- Sire: Hamburg
- Grandsire: Hanover
- Dam: Slippers
- Damsire: Meddler
- Sex: Gelding
- Foaled: 1910
- Country: United States
- Color: Bay
- Breeder: Harry P. Whitney
- Owner: John Whalen
- Trainer: John Whalen
- Record: Not found
- Earnings: Not found

Major wins
- Bowie Handicap (1913) Canadian Derby (1913) Metropolitan Handicap (1914) American Classics wins: Preakness Stakes (1913)

= Buskin (horse) =

American-bred Thoroughbred racehorse

Buskin (1910 - July 5, 1917) was an American Thoroughbred racehorse is best known for winning the 1913 Preakness Stakes. Owned and trained by John Whalen, he was sired by Hamburg. Buskin was out of the mare Slippers, a daughter of Meddler.

== Preakness Stakes ==
Buskin, described as "a good-looking little bay gelding" won the $2,500 Preakness Stakes at Pimlico Race Course in Baltimore, Maryland on Tuesday, May 20, 1913.

He went off as the heavy favorite at 3–2 in the field of eight three-year-olds after five of the thirteen colts scratched.

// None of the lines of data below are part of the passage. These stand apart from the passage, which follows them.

(* Let $({\mathcal B};{\mathcal V},{\mathcal H};{\mathcal P})$ be a slim (discrete) double groupoid satisfying the filling condition. On ${\mathcal V}\times_{b,l}{\mathcal H}=\{(v,h)\in{\mathcal V}\times{\mathcal H}: b(v)=l(h)\}$ define $(v_1,h_1)\sim_{\mathcal B}(v_2,h_2)$ iff $r(h_1)=r(h_2)$, $t(v_1)=t(v_2)$ and $v_1h_1h_2^{-1}v_2^{-1}\in J_\circledast({\mathcal B})$. Then $\sim_{\mathcal B}$ is an equivalence relation, and the map $$\phi:({\mathcal V}\times_{b,l}{\mathcal H})/\!\sim_{\mathcal B}\ \to{\mathcal D}({\mathcal B}),\qquad [v,h]\mapsto j(v)i(h)$$ is well defined and is a bijection (of quivers over ${\mathcal P}$, i.e. compatible with the maps to ${\mathcal P}$ given by $[v,h]\mapsto t(v)$, $[v,h]\mapsto r(h)$ and the source/target of ${\mathcal D}({\mathcal B})$).
   Context: A (discrete) double groupoid $({\mathcal B};{\mathcal V},{\mathcal H};{\mathcal P})$: ${\mathcal V}$ and ${\mathcal H}$ are groupoids over ${\mathcal P}$; for ${\mathcal V}$ source/end are $t,b$, for ${\mathcal H}$ source/end are $l,r$. ${\mathcal B}$ is a set of "boxes" $A$ with sides $t(A),b(A)\in{\mathcal H}$, $l(A),r(A)\in{\mathcal V}$ (with $l(t(A))=t(l(A))$, $r(t(A))=t(r(A))$, $l(b(A))=b(l(A))$, $r(b(A))=b(r(A))$), carrying a horizontal groupoid structure over ${\mathcal V}$ (source $l$, target $r$; product $AB$ when $r(A)=l(B)$, with $t(AB)=t(A)t(B)$, $b(AB)=b(A)b(B)$) and a vertical groupoid structure over ${\mathcal H}$ (source $t$, target $b$; product when $b(A)=t(B)$, with left and right sides multiplied), the structure maps of each being morphisms for the other. It is slim if each box is determined by its four sides. It satisfies the filling condition if for every $x\in{\mathcal H}$, $f\in{\mathcal V}$ with $l(x)=t(f)$ there is a box $A$ with $t(A)=x$, $l(A)=f$; by symmetry of the axioms (using inverses) any "corner" of two compatible sides can be completed to a box. ${\mathcal V}\circledast{\mathcal H}$ is the free product groupoid over ${\mathcal P}$ of ${\mathcal V}$ and ${\mathcal H}$ (generated by ${\mathcal V}$ and ${\mathcal H}$ glued along identities, with words of composable arrows). For a box $A$ with top $x$, right $g$, bottom $y$, left $h$, set $[A]=xgy^{-1}h^{-1}\in{\mathcal V}\circledast{\mathcal H}$; $J_\circledast({\mathcal B})$ is the subgroupoid generated by all $[A]$, a normal group bundle. The diagonal groupoid is ${\mathcal D}({\mathcal B})=({\mathcal V}\circledast{\mathcal H})/J_\circledast({\mathcal B})$, and $i:{\mathcal H}\to{\mathcal D}({\mathcal B})$, $j:{\mathcal V}\to{\mathcal D}({\mathcal B})$ are the compositions of the natural inclusions with the projection. *)

theory Defs
  imports Main
begin

section \<open>Groupoids (composition written diagrammatically: g_comp G f g = "f then g")\<close>

record ('o,'a) grpd =
  g_arr  :: "'a set"
  g_src  :: "'a \<Rightarrow> 'o"
  g_tgt  :: "'a \<Rightarrow> 'o"
  g_id   :: "'o \<Rightarrow> 'a"
  g_comp :: "'a \<Rightarrow> 'a \<Rightarrow> 'a"
  g_inv  :: "'a \<Rightarrow> 'a"

definition groupoid :: "'o set \<Rightarrow> ('o,'a) grpd \<Rightarrow> bool" where
  "groupoid Ob G \<longleftrightarrow>
    (\<forall>f\<in>g_arr G. g_src G f \<in> Ob \<and> g_tgt G f \<in> Ob) \<and>
    (\<forall>x\<in>Ob. g_id G x \<in> g_arr G \<and> g_src G (g_id G x) = x \<and> g_tgt G (g_id G x) = x) \<and>
    (\<forall>f\<in>g_arr G. \<forall>g\<in>g_arr G. g_tgt G f = g_src G g \<longrightarrow>
        g_comp G f g \<in> g_arr G \<and> g_src G (g_comp G f g) = g_src G f \<and>
        g_tgt G (g_comp G f g) = g_tgt G g) \<and>
    (\<forall>f\<in>g_arr G. \<forall>g\<in>g_arr G. \<forall>h\<in>g_arr G.
        g_tgt G f = g_src G g \<longrightarrow> g_tgt G g = g_src G h \<longrightarrow>
        g_comp G (g_comp G f g) h = g_comp G f (g_comp G g h)) \<and>
    (\<forall>f\<in>g_arr G. g_comp G (g_id G (g_src G f)) f = f \<and> g_comp G f (g_id G (g_tgt G f)) = f) \<and>
    (\<forall>f\<in>g_arr G. g_inv G f \<in> g_arr G \<and> g_src G (g_inv G f) = g_tgt G f \<and>
        g_tgt G (g_inv G f) = g_src G f \<and>
        g_comp G f (g_inv G f) = g_id G (g_src G f) \<and>
        g_comp G (g_inv G f) f = g_id G (g_tgt G f))"

text \<open>dg_V: vertical groupoid over the objects (source t, target b);
  dg_H: horizontal groupoid over the objects (source l, target r);
  dg_BH: horizontal groupoid structure on boxes over the vertical arrows (source l, target r);
  dg_BV: vertical groupoid structure on boxes over the horizontal arrows (source t, target b).\<close>

record ('p,'v,'h,'b) dgrpd =
  dg_obj :: "'p set"
  dg_V   :: "('p,'v) grpd"
  dg_H   :: "('p,'h) grpd"
  dg_BH  :: "('v,'b) grpd"
  dg_BV  :: "('h,'b) grpd"
lemma returning_if_acyclic:
  assumes acyclic: "\<not> graph_has_cycle N adj" and "adj j k"
  shows "returning j k"
proof (rule ccontr)
  assume "\<not> returning j k"
  with \<open>adj j k\<close> obtain w where walk: "\<And>n. adj (w n) (w (Suc n)) \<and> \<not> returning (w n) (w (Suc n))"
    "\<And>n. w (Suc (Suc n)) \<noteq> w n"
    using nonbacktracking_walk_exists[where P = "\<lambda>j k. adj j k \<and> \<not> returning j k" and u = j and v = k]
      non_returning_link_propagates by blast
  have edge: "adj (w n) (w (Suc n))" for n
    using walk(1) by blast
  have "graph_has_cycle N adj"
  proof (rule nonbacktracking_walk_has_cycle[of adj w])
    show "adj (w n) (w (Suc n))" "w (Suc (Suc n)) \<noteq> w n" for n
      by (fact edge walk(2))+
    show "w (Suc n) \<noteq> w n" "w n < N" for n
      using adj_bounds[OF edge[of n]] by auto
  qed
  with acyclic show False ..
qed

lemma reaches_connected_circle:
  assumes returning: "\<And>j k. adj j k \<Longrightarrow> returning j k" and "adj\<^sup>*\<^sup>* i0 j"
  shows "\<exists>q. reached j q"
  using \<open>adj\<^sup>*\<^sup>* i0 j\<close>
proof (induction rule: rtranclp_induct)
  case (step j k)
  then obtain q where "reached j q"
    by blast
  then interpret circle_sweep N c r g i0 p0 j q
    by unfold_locales
  have "crosses j k"
    using crosses_link[OF step(2)] returning by blast
  then show ?case
    unfolding crosses_def by blast
qed (use ring_state.start in blast)

lemma ring_eq_circles_if_tree:
  assumes "graph_tree N adj"
  shows "ring = (\<Union>k<N. sphere (c k) 1)"
proof
  have returning: "returning j k" if "adj j k" for j k
    using returning_if_acyclic assms that by (simp add: graph_tree_def)
  show "(\<Union>k<N. sphere (c k) 1) \<subseteq> ring"
  proof (rule UN_least)
    fix j assume "j \<in> {..<N}"
    then have "adj\<^sup>*\<^sup>* i0 j"
      using assms start_circle by (simp add: graph_tree_def graph_connected_def)
    then obtain q where "reached j q"
      using reaches_connected_circle returning by blast
    then interpret circle_sweep N c r g i0 p0 j q
      by unfold_locales
    show "sphere (c j) 1 \<subseteq> ring"
      using sweep_covers_circle returning by blast
  qed
qed (rule ring_subset_circles)

end

theorem lemma12:
  fixes N :: nat and c :: "nat \<Rightarrow> complex" and r :: real and g :: "nat \<Rightarrow> real"
  assumes r_pos: "0 < r"
    and disjoint: "\<And>i j. i < N \<Longrightarrow> j < N \<Longrightarrow> i \<noteq> j \<Longrightarrow> 2 < cmod (c i - c j)"
    and distinct_links: "\<And>i j k. comm_adj N c r i j \<Longrightarrow> comm_adj N c r i k \<Longrightarrow>
                           link_pos c i j = link_pos c i k \<Longrightarrow> j = k"
    and dir: "direction_assignment N c r g"
    and tree: "graph_tree N (comm_adj N c r)"
  shows "\<forall>i<N. \<forall>p. cmod (p - c i) = 1 \<longrightarrow>
           ring_trace N c r g i p = (\<Union>k<N. sphere (c k) 1)"
proof (intro allI impI)
  fix i p assume "i < N" "cmod (p - c i) = 1"
  then interpret ring_system N c r g i p
    using disjoint dir by unfold_locales (force simp: direction_assignment_def)+
  show "ring_trace N c r g i p = (\<Union>k<N. sphere (c k) 1)"
    using tree by (rule ring_eq_circles_if_tree)
qed

end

Buskin broke first but fell back to fourth under a heavy hold by jockey Jimmy Butwell as they hit Pimlico's famous "Clubhouse Turn." The pace was slow early with the first quarter in :24 flat and the half in :48-4/5. As the race progressed, Buskin was continually restrained as he dropped to fifth down the backstretch but tracked the pacemakers just three lengths behind.

On the final turn, he rounded the field four wide and burst into the lead by three lengths before tiring badly in the final sixteenth. He held off the charge of runner-up and third choice Kleburne by a neck. Longshot Barnegat at 48-1 finished third. The final time for the one mile and one eighth Preakness was 1:53 2/5 over a fast track. The winner's share of 60% of the purse was $1,670.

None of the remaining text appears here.